A Qatar Airways flight from London to Qatar has become the first passenger plane to be powered by cleaner-burning natural gas that was converted to kerosene.
“Today’s flight opens the door to an alternative to oil-based aviation fuel,” said Malcom Brinded, international executive director of Royal Dutch Shell, which is partnering with Qatar Petroleum to produce so-called gas-to-liquid (GTL) kerosene from Qatar’s abundant natural gas reserves.During the five-hour flight, the Qatar Airways Airbus A340-800 jet was powered by a 50-50 blend of GTL kerosene and conventional oil-based kerosene jet fuel. An Airbus spokesman called the flight “a major breakthrough which brings us closer to a world where fuels made from feedstocks such as wood-chip waste and other biomass is available for commercial aviation.”
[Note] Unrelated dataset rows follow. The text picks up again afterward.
lemma equitable_reduced_system_rhs:
  fixes X :: "real mat" and n D :: nat and Ps Qs :: "nat set list"
  defines "X' \<equiv> Pi_scaled n Ps * X * Pi_mat D Qs"
  assumes X: "X \<in> carrier_mat n D" and y: "y \<in> carrier_vec n"
    and P: "is_partition_list {0..<n} Ps" and Q: "is_partition_list {0..<D} Qs"
    and eq: "equitable Ps Qs X"
  shows "transpose_mat X' * (transpose_mat (Pi_mat n Ps) * Pi_mat n Ps) *\<^sub>v (Pi_scaled n Ps *\<^sub>v y)
       = transpose_mat (Pi_mat D Qs) *\<^sub>v (transpose_mat X *\<^sub>v y)"
proof -
  let ?Pp = "Pi_mat n Ps" and ?Pq = "Pi_mat D Qs"
  have tX'c: "transpose_mat X' \<in> carrier_mat (length Qs) (length Ps)"
    unfolding X'_def using mult_carrier_mat[OF mult_carrier_mat[OF Pi_scaled_carrier X] Pi_mat_carrier] by simp
  have tPp: "transpose_mat ?Pp \<in> carrier_mat (length Ps) n" by simp
  have tPq: "transpose_mat ?Pq \<in> carrier_mat (length Qs) D" by simp
  have tX: "transpose_mat X \<in> carrier_mat D n" using X by simp
  have W'c: "transpose_mat ?Pp * ?Pp \<in> carrier_mat (length Ps) (length Ps)"
    using mult_carrier_mat[OF tPp Pi_mat_carrier] .
  have "transpose_mat X' * (transpose_mat ?Pp * ?Pp) *\<^sub>v (Pi_scaled n Ps *\<^sub>v y)
      = transpose_mat X' *\<^sub>v ((transpose_mat ?Pp * ?Pp * Pi_scaled n Ps) *\<^sub>v y)"
    using assoc_mult_mat_vec[OF tX'c W'c mult_mat_vec_carrier[OF Pi_scaled_carrier y]]
      assoc_mult_mat_vec[OF W'c Pi_scaled_carrier y] by simp
  also have "\<dots> = (transpose_mat X' * transpose_mat ?Pp) *\<^sub>v y"
    unfolding transpose_Pi_mat_mult_Pi_mat_mult_Pi_scaled[OF P]
    using assoc_mult_mat_vec[OF tX'c tPp y] by simp
  also have "\<dots> = transpose_mat ?Pq *\<^sub>v (transpose_mat X *\<^sub>v y)"
    unfolding X'_def equitable_transpose_mult_Pi_mat[OF X P Q eq]
    using assoc_mult_mat_vec[OF tPq tX y] by simp
  finally show ?thesis .
qed
lemma prod_one_plus_zeta_weight:
  assumes "n > 0"
  shows "of_nat n * x * (\<Prod>i\<in>{1..n-1}. 1 + zeta_weight n i * x) = (1 + x) ^ n - 1"
proof -
  have nonzero: "1 - zeta n ^ i \<noteq> 0" if "i \<in> {1..n-1}" for i
  proof -
    have "0 < i" "i < n"
      using that assms by auto
    then show ?thesis
      using zeta_power_neq_1 by force
  qed
  have "(\<Prod>i\<in>{1..n-1}. 1 + zeta_weight n i * x)
      = (\<Prod>i\<in>{1..n-1}. ((1 + x) - zeta n ^ i) / (1 - zeta n ^ i))"
    by (intro prod.cong refl) (use nonzero in \<open>auto simp: zeta_weight_def field_simps\<close>)
  also have "\<dots> = (\<Prod>i\<in>{1..n-1}. (1 + x) - zeta n ^ i) / (\<Prod>i\<in>{1..n-1}. 1 - zeta n ^ i)"
    by (rule prod_dividef)
  also have "\<dots> = (\<Sum>k<n. (1 + x) ^ k) / of_nat n"
    using prod_diff_zeta_powers[OF assms, of "1 + x"] prod_diff_zeta_powers[OF assms, of 1] by simp
  finally show ?thesis
    using assms power_diff_1_eq[of "1 + x" n] by simp
qed

lemma elem_sym_zeta_weight:
  assumes "n > 0"
  shows "of_nat n * elem_sym {1..n-1} (zeta_weight n) k = of_nat (n choose Suc k)"
proof -
  define P where "P = (\<Prod>i\<in>{1..n-1}. monom (zeta_weight n i) 1 + 1)"
  have "smult (of_nat n) (pCons 0 P) = [:1, 1:] ^ n - 1"
    using prod_one_plus_zeta_weight[OF assms]
    by (simp add: poly_eq_poly_eq_iff[symmetric] fun_eq_iff P_def poly_prod poly_monom ac_simps)
  then have "of_nat n * coeff P k = coeff ([:1, 1:] ^ n - 1 :: complex poly) (Suc k)"
    by (metis coeff_pCons_Suc coeff_smult)
  moreover have "coeff P k = elem_sym {1..n-1} (zeta_weight n) k"
    using coeff_prod_monom_plus_1[of "{1..n-1}" 1] by (simp add: P_def)
  ultimately show ?thesis
    by (simp add: coeff_linear_poly_power_1)
qed

lemma prod_one_minus_zeta_weight_squared:
  assumes "n > 0"
  shows "of_nat n ^ 2 * x ^ 2 * (\<Prod>i\<in>{1..n-1}. 1 - zeta_weight n i ^ 2 * x ^ 2)
       = (1 + x) ^ n + (1 - x) ^ n - 1 - (1 - x ^ 2) ^ n"
proof -
  define P where "P = (\<lambda>x. \<Prod>i\<in>{1..n-1}. 1 + zeta_weight n i * x)"
  have "(\<Prod>i\<in>{1..n-1}. 1 - zeta_weight n i ^ 2 * x ^ 2) = P x * P (- x)"
    by (simp add: P_def prod.distrib[symmetric] algebra_simps power2_eq_square)
  then have "of_nat n ^ 2 * x ^ 2 * (\<Prod>i\<in>{1..n-1}. 1 - zeta_weight n i ^ 2 * x ^ 2)
      = (of_nat n * x * P x) * - (of_nat n * (- x) * P (- x))"
    by (simp add: power2_eq_square algebra_simps)
  also have "\<dots> = ((1 + x) ^ n - 1) * (1 - (1 - x) ^ n)"
    unfolding P_def prod_one_plus_zeta_weight[OF assms] by simp
  also have "\<dots> = (1 + x) ^ n + (1 - x) ^ n - 1 - ((1 + x) * (1 - x)) ^ n"
    unfolding power_mult_distrib by (simp add: algebra_simps)
  finally show ?thesis
    by (simp add: power2_eq_square algebra_simps)
qed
The spokesman predicted that by 2030, 30 percent of jet fuel would be derived from GTL or biofuels. Shell and Qatar Petroleum are building a plant in Qatar capable of producing one million tons of GTL kerosene annually.
Article appearing courtesy of Yale Environment 360.
[photo credit: Flickr]
2 comments
Well, it is a good start. Airplanes burn huge amounts of fuel, so anything to make them a little friendlier helps. I heard a while back that the US Air Force was looking at switching to more renewable bio-fuels to cut down their oil dependency.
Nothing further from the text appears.